One reporter asked: why do we need our own LLM when we already have great models in the market? My understanding so far is that we are building our localised or fine-tuned LLM using open-source foundations, such as Meta's Llama, the parent company of Facebook. And before I get back to the reporter’s question, it is time for a flashback.
Earlier this year, during my Deep Learning course, we had an assignment where we were asked to create a model that could recognise an individual’s gender, age and race based on the photo provided. It is a classic model with YouTube full of the code sheet (for those who want to try). Anyway, when I fed my public photo to the model, it came up with a hilarious result: Male, 10 and White. Beyond the initial laughter that the response elicited, we identified several factors that helped justify the weak response. One, I had pigtails, which may have confused the model. Second, the data set that we used had a few photos of people from the South Asian region, making the model unable to study my features. When a model is not shown what a particular group of people look like, it is bound to make mistakes. If models have not seen the data or if their interaction with a particular set of data is minimal, the responses cannot be accurate. In our race recognition model, there were over 10,000 photos of white people. For South Asians, the number was close to 2,000 (if I could recall correctly). Naturally, the model did not have many versions of South Asian people.
Now I can go back to the reporter’s question. That millions of people are using AI and that companies are pouring billions of dollars into AI and that Amazon’s chief Jeff Bezos has even recommended building data centres in space all show that AI is not going anywhere. We can snigger at it all we want, but these models are here to stay – and will be very much integrated in our appliances and in our apps. Models require data, and sourcing accurate data to train the model is not always easy.

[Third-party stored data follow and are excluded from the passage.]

(* Let $V$ be a vertex operator algebra and $U$ a $V$-module that decomposes into generalised $L_{[0]}$-eigenspaces $U=\bigoplus_m U_{[m]}$. Suppose that the bracket $[x,y]=x_0y$ on $V_1$ makes $V_1$ a finite-dimensional reductive Lie algebra, so that each $U_{[m]}$ is a $V_1$-module via $a\mapsto a_0$. If $U_{[m]}$ is semisimple over $V_1$, write $U_{[m]}=U_{[m]}^{\mathrm{triv}}\oplus U_{[m]}^{\mathrm{non\text{-}triv}}$ for the unique decomposition into the maximal trivial submodule and its complement consisting of all non-trivial simple summands. Then for every $u\in U_{[m]}^{\mathrm{non\text{-}triv}}$, every $V$-module $W$ and every intertwining operator $\mathcal Y$ of type $\binom{W}{U\ W}$, one has $T^{\mathcal Y}(u,\tau)=0$.
   Context: $V$ has conformal vector $\omega$ and central charge $\mathbf c$; $a_n$ denotes the modes of $Y(a,z)=\sum a_nz^{-n-1}$. Square bracket modes on a module: $Y_U(a,e^z-1)e^{z\,\mathrm{wt}(a)}=\sum a_{[n]}z^{-n-1}$ for homogeneous $a$; $L_{[n]}$ are given by $\sum L_{[n]}z^{-n-2}$ for $a=\omega-\frac{\mathbf c}{24}\mathbf 1$, and $U_{[m]}=\{u:\exists N,(L_{[0]}-m)^Nu=0\}$. For an intertwining operator $\mathcal Y$ of type $\binom{W}{U\ W}$ and $L_0$-homogeneous $u$, $o^{\mathcal Y}(u)$ is the coefficient of $z^{-\mathrm{wt}(u)}$ in $\mathcal Y(u,z)$ (extended linearly), and the torus 1-point function is $T^{\mathcal Y}(u,\tau)=\mathrm{tr}_Wo^{\mathcal Y}(u)q^{L_0-\mathbf c/24}$, $q=e^{2\pi i\tau}$. *)

theory Defs
  imports Complex_Main "HOL-Computational_Algebra.Formal_Laurent_Series"
begin

text \<open>Sum of a finitely supported family (the families below are finitely supported
  by the truncation axioms; an infinite support gives 0 by convention of sum).\<close>
definition fsum :: "('i \<Rightarrow> 'b::comm_monoid_add) \<Rightarrow> 'b" where
  "fsum f = sum f {i. f i \<noteq> 0}"

definition fin_dim :: "(complex \<Rightarrow> 'b::ab_group_add \<Rightarrow> 'b) \<Rightarrow> 'b set \<Rightarrow> bool" where
  "fin_dim s S \<longleftrightarrow> module.subspace s S \<and> (\<exists>B. finite B \<and> B \<subseteq> S \<and> module.span s B = S)"

definition gen_eig :: "(complex \<Rightarrow> 'b::ab_group_add \<Rightarrow> 'b) \<Rightarrow> ('b \<Rightarrow> 'b) \<Rightarrow> complex \<Rightarrow> 'b set" where
  "gen_eig s f lam = {x. \<exists>N. ((\<lambda>y. f y - s lam y) ^^ N) x = 0}"

definition gen_eig_decomp :: "(complex \<Rightarrow> 'b::ab_group_add \<Rightarrow> 'b) \<Rightarrow> ('b \<Rightarrow> 'b) \<Rightarrow> bool" where
  "gen_eig_decomp s f \<longleftrightarrow> (\<forall>x. \<exists>g::complex \<Rightarrow> 'b. finite {lam. g lam \<noteq> 0} \<and>
      (\<forall>lam. g lam \<in> gen_eig s f lam) \<and> x = sum g {lam. g lam \<noteq> 0})"

text \<open>Component of x in the generalised eigenspace for lam (well defined when the
  space decomposes, by uniqueness of the decomposition).\<close>
definition gen_comp :: "(complex \<Rightarrow> 'b::ab_group_add \<Rightarrow> 'b) \<Rightarrow> ('b \<Rightarrow> 'b) \<Rightarrow> 'b \<Rightarrow> complex \<Rightarrow> 'b" where
  "gen_comp s f x = (THE g. finite {lam. g lam \<noteq> 0} \<and>
      (\<forall>lam. g lam \<in> gen_eig s f lam) \<and> x = sum g {lam. g lam \<noteq> 0})"

definition trace_on :: "(complex \<Rightarrow> 'b::ab_group_add \<Rightarrow> 'b) \<Rightarrow> 'b set \<Rightarrow> ('b \<Rightarrow> 'b) \<Rightarrow> complex" where
  "trace_on s S f = (SOME t. \<exists>B. finite B \<and> \<not> module.dependent s B \<and> module.span s B = S \<and>
       t = (\<Sum>b\<in>B. module.representation s B (f b) b))"

text \<open>Modes: Y a n b is a_n b, where Y(a,z) = sum_n a_n z^(-n-1).\<close>

definition sgn_pow :: "int \<Rightarrow> complex" where
  "sgn_pow r = (if even r then 1 else -1)"

definition is_voa ::
  "(complex \<Rightarrow> 'v::ab_group_add \<Rightarrow> 'v) \<Rightarrow> ('v \<Rightarrow> int \<Rightarrow> 'v \<Rightarrow> 'v) \<Rightarrow> 'v \<Rightarrow> 'v \<Rightarrow> complex \<Rightarrow> bool" where
  "is_voa s Y vac om c \<longleftrightarrow>
     vector_space s \<and>
     (\<forall>a n. Vector_Spaces.linear s s (Y a n)) \<and>
     (\<forall>n b. Vector_Spaces.linear s s (\<lambda>a. Y a n b)) \<and>
     (\<forall>a b. \<exists>N. \<forall>n\<ge>N. Y a n b = 0) \<and>
     (\<forall>n b. Y vac n b = (if n = -1 then b else 0)) \<and>
     (\<forall>a. Y a (-1) vac = a \<and> (\<forall>n\<ge>0. Y a n vac = 0)) \<and>
     (\<forall>a b v m n r.
        fsum (\<lambda>i::nat. s (of_int m gchoose i) (Y (Y a (r + int i) b) (m + n - int i) v)) =
        fsum (\<lambda>i::nat. s ((-1) ^ i * (of_int r gchoose i))
              (Y a (m + r - int i) (Y b (n + int i) v)
               - s (sgn_pow r) (Y b (n + r - int i) (Y a (m + int i) v))))) \<and>
     (\<forall>m n v. Y om (m + 1) (Y om (n + 1) v) - Y om (n + 1) (Y om (m + 1) v) =
        s (of_int (m - n)) (Y om (m + n + 1) v)
        + (if m + n = 0 then s ((of_int m ^ 3 - of_int m) / 12 * c) v else 0)) \<and>
     (\<forall>a n v. Y (Y om 0 a) n v = s (- of_int n) (Y a (n - 1) v)) \<and>
     (\<forall>v. \<exists>g::int \<Rightarrow> 'v. finite {n. g n \<noteq> 0} \<and> (\<forall>n. Y om 1 (g n) = s (of_int n) (g n)) \<and>
          v = sum g {n. g n \<noteq> 0}) \<and>
     (\<forall>n::int. fin_dim s {v. Y om 1 v = s (of_int n) v}) \<and>
     (\<exists>N::int. \<forall>n<N. \<forall>v. Y om 1 v = s (of_int n) v \<longrightarrow> v = 0)"

text \<open>Weak V-module (Jacobi identity in Borcherds component form).\<close>
definition is_weak_module ::
  "(complex \<Rightarrow> 'v::ab_group_add \<Rightarrow> 'v) \<Rightarrow> ('v \<Rightarrow> int \<Rightarrow> 'v \<Rightarrow> 'v) \<Rightarrow> 'v \<Rightarrow>
   (complex \<Rightarrow> 'w::ab_group_add \<Rightarrow> 'w) \<Rightarrow> ('v \<Rightarrow> int \<Rightarrow> 'w \<Rightarrow> 'w) \<Rightarrow> bool" where
  "is_weak_module s Y vac sW YW \<longleftrightarrow>
     vector_space sW \<and>
     (\<forall>a n. Vector_Spaces.linear sW sW (YW a n)) \<and>
     (\<forall>n w. Vector_Spaces.linear s sW (\<lambda>a. YW a n w)) \<and>
     (\<forall>a w. \<exists>N. \<forall>n\<ge>N. YW a n w = 0) \<and>
     (\<forall>n w. YW vac n w = (if n = -1 then w else 0)) \<and>
     (\<forall>a b w m n r.
        fsum (\<lambda>i::nat. sW (of_int m gchoose i) (YW (Y a (r + int i) b) (m + n - int i) w)) =
        fsum (\<lambda>i::nat. sW ((-1) ^ i * (of_int r gchoose i))
              (YW a (m + r - int i) (YW b (n + int i) w)
               - sW (sgn_pow r) (YW b (n + r - int i) (YW a (m + int i) w)))))"

text \<open>V-module: a weak module which is the direct sum of finite-dimensional generalised
  L_0-eigenspaces, lower bounded in each coset of the integers (grading-restricted
  generalised module).\<close>
definition is_module ::
  "(complex \<Rightarrow> 'v::ab_group_add \<Rightarrow> 'v) \<Rightarrow> ('v \<Rightarrow> int \<Rightarrow> 'v \<Rightarrow> 'v) \<Rightarrow> 'v \<Rightarrow> 'v \<Rightarrow>
   (complex \<Rightarrow> 'w::ab_group_add \<Rightarrow> 'w) \<Rightarrow> ('v \<Rightarrow> int \<Rightarrow> 'w \<Rightarrow> 'w) \<Rightarrow> bool" where
  "is_module s Y vac om sW YW \<longleftrightarrow>
     is_weak_module s Y vac sW YW \<and>
     gen_eig_decomp sW (YW om 1) \<and>
     (\<forall>lam. fin_dim sW (gen_eig sW (YW om 1) lam)) \<and>
     (\<forall>lam. \<exists>K. \<forall>k\<ge>K. gen_eig sW (YW om 1) (lam - of_nat k) = {0})"

text \<open>Intertwining operator of type (W over U W): I u n w = u_(n) w,
  where Y(u,z) = sum over complex n of u_(n) z^(-n-1).\<close>
definition is_intertwining ::
  "(complex \<Rightarrow> 'v::ab_group_add \<Rightarrow> 'v) \<Rightarrow> ('v \<Rightarrow> int \<Rightarrow> 'v \<Rightarrow> 'v) \<Rightarrow> 'v \<Rightarrow> 'v \<Rightarrow>
   (complex \<Rightarrow> 'u::ab_group_add \<Rightarrow> 'u) \<Rightarrow> ('v \<Rightarrow> int \<Rightarrow> 'u \<Rightarrow> 'u) \<Rightarrow>
   (complex \<Rightarrow> 'w::ab_group_add \<Rightarrow> 'w) \<Rightarrow> ('v \<Rightarrow> int \<Rightarrow> 'w \<Rightarrow> 'w) \<Rightarrow>
   ('u \<Rightarrow> complex \<Rightarrow> 'w \<Rightarrow> 'w) \<Rightarrow> bool" where
  "is_intertwining s Y vac om sU YU sW YW I \<longleftrightarrow>
     (\<forall>u n. Vector_Spaces.linear sW sW (I u n)) \<and>
     (\<forall>n w. Vector_Spaces.linear sU sW (\<lambda>u. I u n w)) \<and>
     (\<forall>u w n. \<exists>K. \<forall>k\<ge>K. I u (n + of_nat k) w = 0) \<and>
     (\<forall>a u w m r (n::complex).
        fsum (\<lambda>i::nat. sW (of_int m gchoose i) (I (YU a (r + int i) u) (of_int m + n - of_nat i) w)) =
        fsum (\<lambda>i::nat. sW ((-1) ^ i * (of_int r gchoose i))
              (YW a (m + r - int i) (I u (n + of_nat i) w)
               - sW (sgn_pow r) (I u (n + of_int r - of_nat i) (YW a (m + int i) w))))) \<and>
     (\<forall>u n w. I (YU om 0 u) n w = sW (- n) (I u (n - 1) w))"

definition sq_coeff :: "int \<Rightarrow> int \<Rightarrow> complex \<Rightarrow> complex" where
  "sq_coeff n k w = fls_nth ((fps_to_fls (fps_exp 1 - 1)) powi (- n - 1) * fps_to_fls (fps_exp w)) (- k - 1)"

text \<open>a_[k] for homogeneous a of weight wt: Y_U(a, e^z - 1) e^(z wt) = sum_k a_[k] z^(-k-1).\<close>
definition sq_mode :: "(complex \<Rightarrow> 'u::ab_group_add \<Rightarrow> 'u) \<Rightarrow> ('v \<Rightarrow> int \<Rightarrow> 'u \<Rightarrow> 'u) \<Rightarrow>
    'v \<Rightarrow> complex \<Rightarrow> int \<Rightarrow> 'u \<Rightarrow> 'u" where
  "sq_mode sU YU a wt k u = fsum (\<lambda>n::int. sU (sq_coeff n k wt) (YU a n u))"

text \<open>L_[n] is the coefficient of z^(-n-2) for a = omega - c/24 vac (omega of weight 2,
  vac of weight 0), i.e. L_[n] = omega_[n+1] - c/24 vac_[n+1].\<close>
definition L_sq :: "(complex \<Rightarrow> 'u::ab_group_add \<Rightarrow> 'u) \<Rightarrow> ('v \<Rightarrow> int \<Rightarrow> 'u \<Rightarrow> 'u) \<Rightarrow>
    'v \<Rightarrow> 'v \<Rightarrow> complex \<Rightarrow> int \<Rightarrow> 'u \<Rightarrow> 'u" where
  "L_sq sU YU vac om c n u = sq_mode sU YU om 2 (n + 1) u - sU (c / 24) (sq_mode sU YU vac 0 (n + 1) u)"

definition U_sq :: "(complex \<Rightarrow> 'u::ab_group_add \<Rightarrow> 'u) \<Rightarrow> ('v \<Rightarrow> int \<Rightarrow> 'u \<Rightarrow> 'u) \<Rightarrow>
    'v \<Rightarrow> 'v \<Rightarrow> complex \<Rightarrow> complex \<Rightarrow> 'u set" where
  "U_sq sU YU vac om c m = gen_eig sU (L_sq sU YU vac om c 0) m"

text \<open>Zero mode o(u): for L_0-homogeneous u of weight wt, the coefficient of z^(-wt)
  in Y(u,z), i.e. u_(wt-1); extended linearly along the decomposition of u into
  generalised L_0-eigenvectors.\<close>
definition zero_mode :: "(complex \<Rightarrow> 'u::ab_group_add \<Rightarrow> 'u) \<Rightarrow> ('v \<Rightarrow> int \<Rightarrow> 'u \<Rightarrow> 'u) \<Rightarrow> 'v \<Rightarrow>
    ('u \<Rightarrow> complex \<Rightarrow> 'w::ab_group_add \<Rightarrow> 'w) \<Rightarrow> 'u \<Rightarrow> 'w \<Rightarrow> 'w" where
  "zero_mode sU YU om I u w =
     (\<Sum>lam\<in>{lam. gen_comp sU (YU om 1) u lam \<noteq> 0}. I (gen_comp sU (YU om 1) u lam) (lam - 1) w)"

text \<open>q^(L_0 - c/24) with q = e^(2 pi i tau) on the generalised eigenspace W_[lam]:
  e^(2 pi i tau (lam - c/24)) exp(2 pi i tau (L_0 - lam)), the latter being nilpotent.\<close>
definition q_op :: "(complex \<Rightarrow> 'w::ab_group_add \<Rightarrow> 'w) \<Rightarrow> ('w \<Rightarrow> 'w) \<Rightarrow> complex \<Rightarrow>
    complex \<Rightarrow> complex \<Rightarrow> 'w \<Rightarrow> 'w" where
  "q_op sW L0 c tau lam w =
     sW (exp (2 * pi * \<i> * tau * (lam - c / 24)))
       (fsum (\<lambda>k::nat. sW ((2 * pi * \<i> * tau) ^ k / fact k) (((\<lambda>y. L0 y - sW lam y) ^^ k) w)))"

text \<open>T^I(u,tau) = tr_W o(u) q^(L_0 - c/24) vanishes: as a (generalised) q-series, all
  its graded pieces tr_{W_[lam]} o(u) q^(L_0-c/24) vanish identically in tau.\<close>
definition torus_1pt_zero :: "(complex \<Rightarrow> 'u::ab_group_add \<Rightarrow> 'u) \<Rightarrow> ('v \<Rightarrow> int \<Rightarrow> 'u \<Rightarrow> 'u) \<Rightarrow>
    'v \<Rightarrow> complex \<Rightarrow> (complex \<Rightarrow> 'w::ab_group_add \<Rightarrow> 'w) \<Rightarrow> ('v \<Rightarrow> int \<Rightarrow> 'w \<Rightarrow> 'w) \<Rightarrow>
    ('u \<Rightarrow> complex \<Rightarrow> 'w \<Rightarrow> 'w) \<Rightarrow> 'u \<Rightarrow> bool" where
  "torus_1pt_zero sU YU om c sW YW I u \<longleftrightarrow>
     (\<forall>lam tau. trace_on sW (gen_eig sW (YW om 1) lam)
        (\<lambda>w. zero_mode sU YU om I u (q_op sW (YW om 1) c tau lam w)) = 0)"

definition V1 :: "('v \<Rightarrow> int \<Rightarrow> 'v \<Rightarrow> 'v) \<Rightarrow> (complex \<Rightarrow> 'v \<Rightarrow> 'v) \<Rightarrow> 'v \<Rightarrow> 'v set" where
  "V1 Y s om = {v. Y om 1 v = s 1 v}"

definition is_submod :: "(complex \<Rightarrow> 'b::ab_group_add \<Rightarrow> 'b) \<Rightarrow> 'a set \<Rightarrow> ('a \<Rightarrow> 'b \<Rightarrow> 'b) \<Rightarrow> 'b set \<Rightarrow> bool" where
  "is_submod s A act S \<longleftrightarrow> module.subspace s S \<and> (\<forall>a\<in>A. \<forall>x\<in>S. act a x \<in> S)"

A few months back, while preparing my presentation for a training for media students, I consciously used AI for a few photos to show the students where the model’s responses lack. I asked the model to generate a photo of a Pakistani woman working in a newsroom. To my surprise, in most photos, the Pakistani woman was wearing a sari and heavy jewellery. Then, I asked the model to generate a photo of Karachi in 2050 with skyscrapers, a beautiful tram and flying cars. I also asked it to show the city as pedestrian-friendly. When it showed the image of people walking around, I noticed one thing: almost all of them were wearing skullcaps; some had a waistcoat on; and some were wearing thobes (a dress style more popular in the Middle East) – hardly how people in Karachi are seen. When I asked it to generate a photo of a rickshaw, it came up with images of pulled rickshaws that are more common in Bangladesh and India, or tourist spots in Malaysia.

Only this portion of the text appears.